#### Source data ####

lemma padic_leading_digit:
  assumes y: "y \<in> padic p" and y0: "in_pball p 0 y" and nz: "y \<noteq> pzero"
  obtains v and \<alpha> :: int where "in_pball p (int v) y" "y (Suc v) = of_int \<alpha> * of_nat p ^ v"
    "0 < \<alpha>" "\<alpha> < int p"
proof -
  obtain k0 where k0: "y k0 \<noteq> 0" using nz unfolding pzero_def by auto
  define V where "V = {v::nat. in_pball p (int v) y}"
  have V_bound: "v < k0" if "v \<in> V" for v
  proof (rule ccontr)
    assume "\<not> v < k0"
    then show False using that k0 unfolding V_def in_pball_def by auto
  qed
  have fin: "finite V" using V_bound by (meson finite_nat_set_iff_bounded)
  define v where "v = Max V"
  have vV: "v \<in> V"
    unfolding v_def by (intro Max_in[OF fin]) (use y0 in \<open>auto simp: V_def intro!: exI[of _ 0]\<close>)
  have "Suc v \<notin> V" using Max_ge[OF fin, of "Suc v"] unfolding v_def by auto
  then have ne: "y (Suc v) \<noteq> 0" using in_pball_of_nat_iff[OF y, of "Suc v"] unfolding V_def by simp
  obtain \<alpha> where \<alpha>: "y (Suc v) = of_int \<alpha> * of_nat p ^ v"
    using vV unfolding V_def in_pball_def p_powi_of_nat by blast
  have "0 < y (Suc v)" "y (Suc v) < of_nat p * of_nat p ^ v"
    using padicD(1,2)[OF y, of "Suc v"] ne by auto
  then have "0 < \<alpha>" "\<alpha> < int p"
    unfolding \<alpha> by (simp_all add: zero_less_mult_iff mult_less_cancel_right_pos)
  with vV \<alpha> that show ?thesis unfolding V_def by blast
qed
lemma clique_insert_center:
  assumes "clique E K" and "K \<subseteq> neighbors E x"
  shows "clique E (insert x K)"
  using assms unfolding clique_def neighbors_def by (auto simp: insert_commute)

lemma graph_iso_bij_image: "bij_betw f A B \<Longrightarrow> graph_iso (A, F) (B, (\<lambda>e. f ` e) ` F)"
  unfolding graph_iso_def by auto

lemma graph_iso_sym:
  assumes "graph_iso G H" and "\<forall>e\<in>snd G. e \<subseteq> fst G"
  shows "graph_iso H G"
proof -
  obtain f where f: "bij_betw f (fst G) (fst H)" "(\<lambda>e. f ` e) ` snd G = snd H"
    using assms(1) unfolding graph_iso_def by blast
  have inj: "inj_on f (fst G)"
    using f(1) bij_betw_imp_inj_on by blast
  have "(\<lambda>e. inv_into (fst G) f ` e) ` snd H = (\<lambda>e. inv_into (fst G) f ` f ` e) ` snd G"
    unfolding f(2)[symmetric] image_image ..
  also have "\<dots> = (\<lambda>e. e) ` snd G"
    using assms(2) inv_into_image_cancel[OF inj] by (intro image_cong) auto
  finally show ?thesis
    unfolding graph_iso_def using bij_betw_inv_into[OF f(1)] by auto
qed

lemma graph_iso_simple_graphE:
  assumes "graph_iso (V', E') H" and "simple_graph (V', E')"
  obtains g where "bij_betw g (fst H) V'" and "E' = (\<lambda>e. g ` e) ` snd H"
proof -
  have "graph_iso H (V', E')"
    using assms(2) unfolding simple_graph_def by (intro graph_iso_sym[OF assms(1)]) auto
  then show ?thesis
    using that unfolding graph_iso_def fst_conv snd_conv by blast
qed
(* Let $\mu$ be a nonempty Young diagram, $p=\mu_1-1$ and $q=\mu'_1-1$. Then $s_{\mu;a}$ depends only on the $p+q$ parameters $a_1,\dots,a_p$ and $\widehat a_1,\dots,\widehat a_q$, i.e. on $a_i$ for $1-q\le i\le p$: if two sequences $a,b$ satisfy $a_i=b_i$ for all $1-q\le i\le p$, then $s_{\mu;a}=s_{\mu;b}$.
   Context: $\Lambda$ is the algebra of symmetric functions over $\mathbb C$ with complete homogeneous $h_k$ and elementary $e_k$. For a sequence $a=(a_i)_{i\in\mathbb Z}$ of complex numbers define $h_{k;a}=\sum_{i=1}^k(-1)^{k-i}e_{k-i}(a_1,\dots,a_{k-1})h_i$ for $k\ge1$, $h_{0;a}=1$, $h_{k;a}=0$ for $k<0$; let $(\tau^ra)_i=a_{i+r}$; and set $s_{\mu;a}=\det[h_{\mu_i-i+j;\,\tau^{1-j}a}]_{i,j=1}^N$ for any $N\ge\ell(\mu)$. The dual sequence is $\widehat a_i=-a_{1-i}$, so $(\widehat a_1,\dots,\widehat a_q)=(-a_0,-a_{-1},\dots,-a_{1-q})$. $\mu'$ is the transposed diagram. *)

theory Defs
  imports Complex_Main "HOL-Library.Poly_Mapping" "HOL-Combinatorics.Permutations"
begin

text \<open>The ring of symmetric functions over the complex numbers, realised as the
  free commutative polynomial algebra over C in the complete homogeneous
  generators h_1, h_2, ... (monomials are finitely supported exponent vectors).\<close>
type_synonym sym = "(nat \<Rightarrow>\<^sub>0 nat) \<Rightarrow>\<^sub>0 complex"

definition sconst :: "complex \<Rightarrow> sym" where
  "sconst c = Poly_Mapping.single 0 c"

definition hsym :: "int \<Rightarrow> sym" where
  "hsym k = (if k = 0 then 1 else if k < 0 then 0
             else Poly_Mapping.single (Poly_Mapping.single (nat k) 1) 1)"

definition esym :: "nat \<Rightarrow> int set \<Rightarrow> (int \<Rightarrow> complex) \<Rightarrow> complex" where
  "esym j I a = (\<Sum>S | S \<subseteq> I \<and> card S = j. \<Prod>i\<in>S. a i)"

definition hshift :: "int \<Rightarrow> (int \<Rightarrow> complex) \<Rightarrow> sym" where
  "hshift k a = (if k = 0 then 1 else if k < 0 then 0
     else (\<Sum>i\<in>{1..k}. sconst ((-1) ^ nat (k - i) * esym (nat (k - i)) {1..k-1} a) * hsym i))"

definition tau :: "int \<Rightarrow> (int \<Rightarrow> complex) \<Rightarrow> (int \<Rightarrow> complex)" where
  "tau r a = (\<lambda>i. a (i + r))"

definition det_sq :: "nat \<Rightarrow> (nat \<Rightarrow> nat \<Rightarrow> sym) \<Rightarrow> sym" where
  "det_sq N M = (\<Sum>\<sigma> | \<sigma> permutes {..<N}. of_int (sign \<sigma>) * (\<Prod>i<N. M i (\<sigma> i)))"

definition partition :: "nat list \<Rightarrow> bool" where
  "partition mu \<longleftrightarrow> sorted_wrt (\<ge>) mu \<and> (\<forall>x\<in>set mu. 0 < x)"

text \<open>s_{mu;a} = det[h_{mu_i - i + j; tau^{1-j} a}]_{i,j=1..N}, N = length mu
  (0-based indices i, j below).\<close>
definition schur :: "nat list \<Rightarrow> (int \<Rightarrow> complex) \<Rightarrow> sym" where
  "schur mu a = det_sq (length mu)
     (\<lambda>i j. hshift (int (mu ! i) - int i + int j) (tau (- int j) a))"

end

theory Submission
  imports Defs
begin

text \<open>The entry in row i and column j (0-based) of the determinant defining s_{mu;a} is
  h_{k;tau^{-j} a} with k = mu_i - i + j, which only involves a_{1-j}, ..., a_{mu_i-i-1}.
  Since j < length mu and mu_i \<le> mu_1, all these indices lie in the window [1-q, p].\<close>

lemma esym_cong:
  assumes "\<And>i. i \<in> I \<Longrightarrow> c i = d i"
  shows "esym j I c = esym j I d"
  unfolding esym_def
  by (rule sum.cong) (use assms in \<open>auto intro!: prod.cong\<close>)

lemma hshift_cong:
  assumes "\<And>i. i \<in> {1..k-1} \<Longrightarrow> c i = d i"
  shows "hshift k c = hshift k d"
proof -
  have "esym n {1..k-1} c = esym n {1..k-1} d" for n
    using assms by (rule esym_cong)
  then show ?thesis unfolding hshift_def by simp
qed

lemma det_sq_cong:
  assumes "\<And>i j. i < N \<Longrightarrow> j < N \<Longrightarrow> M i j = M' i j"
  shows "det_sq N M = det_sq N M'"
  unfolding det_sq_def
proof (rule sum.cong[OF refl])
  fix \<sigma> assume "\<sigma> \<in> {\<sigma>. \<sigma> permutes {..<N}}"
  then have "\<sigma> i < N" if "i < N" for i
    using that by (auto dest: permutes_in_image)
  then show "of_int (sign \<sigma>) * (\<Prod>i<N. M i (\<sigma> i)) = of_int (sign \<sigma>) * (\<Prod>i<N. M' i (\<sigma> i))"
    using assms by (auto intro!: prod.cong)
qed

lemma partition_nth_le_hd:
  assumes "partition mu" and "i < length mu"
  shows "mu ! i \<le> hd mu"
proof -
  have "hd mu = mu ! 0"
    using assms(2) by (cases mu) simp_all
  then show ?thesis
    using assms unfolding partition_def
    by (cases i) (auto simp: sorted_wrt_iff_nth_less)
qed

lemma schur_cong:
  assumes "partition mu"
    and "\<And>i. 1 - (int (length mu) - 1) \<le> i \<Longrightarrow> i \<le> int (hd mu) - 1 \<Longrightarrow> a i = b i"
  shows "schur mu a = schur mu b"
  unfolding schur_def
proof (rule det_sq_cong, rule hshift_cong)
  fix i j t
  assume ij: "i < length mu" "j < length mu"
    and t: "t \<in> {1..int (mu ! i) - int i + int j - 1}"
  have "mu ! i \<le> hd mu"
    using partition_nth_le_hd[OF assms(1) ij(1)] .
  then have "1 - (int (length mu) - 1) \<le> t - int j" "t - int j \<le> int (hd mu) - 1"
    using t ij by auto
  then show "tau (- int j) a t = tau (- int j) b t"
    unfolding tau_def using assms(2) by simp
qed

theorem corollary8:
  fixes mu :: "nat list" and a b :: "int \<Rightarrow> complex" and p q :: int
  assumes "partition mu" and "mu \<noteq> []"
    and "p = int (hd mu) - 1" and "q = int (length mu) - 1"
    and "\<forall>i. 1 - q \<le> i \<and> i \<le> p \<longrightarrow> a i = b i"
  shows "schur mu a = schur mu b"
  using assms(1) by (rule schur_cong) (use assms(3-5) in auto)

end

####

Prompt:
Reply with only the number of lines in the entries that hold the word "else".

Exercise result:
4